→ WORK REQUIRED
Begin at the line with "theory Defs" and write out every line after it, exactly, through the last line below, adding nothing.

→ LISTED ENTRIES
(* Consider the secure distributed linearly separable computation problem with $\mathsf K_{\rm c}=1$ and $\mathsf M=\frac{\mathsf K}{\mathsf N}(\mathsf N-\mathsf N_{\rm r}+1)$. Then $$\eta^\star\ge\left\lceil\frac{\mathsf N}{\mathsf N-\mathsf N_{\rm r}+1}\right\rceil-1.$$
   Context: Problem setting. $\mathsf K,\mathsf N,\mathsf N_{\rm r},\mathsf M$ are positive integers with $\mathsf N_{\rm r}\le \mathsf N$ and $\mathsf N$ dividing $\mathsf K$. Fix a prime power $\mathsf q$ (sufficiently large) and a positive integer $\mathsf L$. Datasets $D_1,\dots,D_{\mathsf K}$ are independent; message $W_k=f_k(D_k)\in\mathbb F_{\mathsf q}^{\mathsf L}$, with $W_1,\dots,W_{\mathsf K}$ mutually independent and uniform over $\mathbb F_{\mathsf q}^{\mathsf L}$. The user wants $W_1+\cdots+W_{\mathsf K}$. A secure scheme consists of an assignment $\mathcal Z_n\subseteq[\mathsf K]$, $|\mathcal Z_n|\le\mathsf M$; a random variable $Q$ on a finite set independent of the datasets, given to all servers but not the user; transmissions $X_n=\psi_n(\{W_k:k\in\mathcal Z_n\},Q)\in\mathbb F_{\mathsf q}^{\mathsf T_n}$; decodability from $\{X_n:n\in\mathcal A\}$ for every $\mathcal A\subseteq[\mathsf N]$, $|\mathcal A|=\mathsf N_{\rm r}$; security $I(W_1,\dots,W_{\mathsf K};X_1,\dots,X_{\mathsf N}\mid W_1+\cdots+W_{\mathsf K})=0$. Communication cost $\mathsf R=\max_{|\mathcal A|=\mathsf N_{\rm r}}\sum_{n\in\mathcal A}\mathsf T_n/\mathsf L$; randomness size $\eta=H(Q)/\mathsf L$ ($\mathsf q$-ary units). $\mathsf R^\star$ is the minimum communication cost over secure schemes, and $\eta^\star$ is the minimum randomness size over secure schemes with $\mathsf R=\mathsf R^\star$. *)

theory Defs
  imports "HOL-Algebra.Ring" "HOL-Probability.Probability_Mass_Function" "HOL-Library.FuncSet"
begin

→ EXERCISE RESPONSE
theory Defs
  imports "HOL-Algebra.Ring" "HOL-Probability.Probability_Mass_Function" "HOL-Library.FuncSet"
begin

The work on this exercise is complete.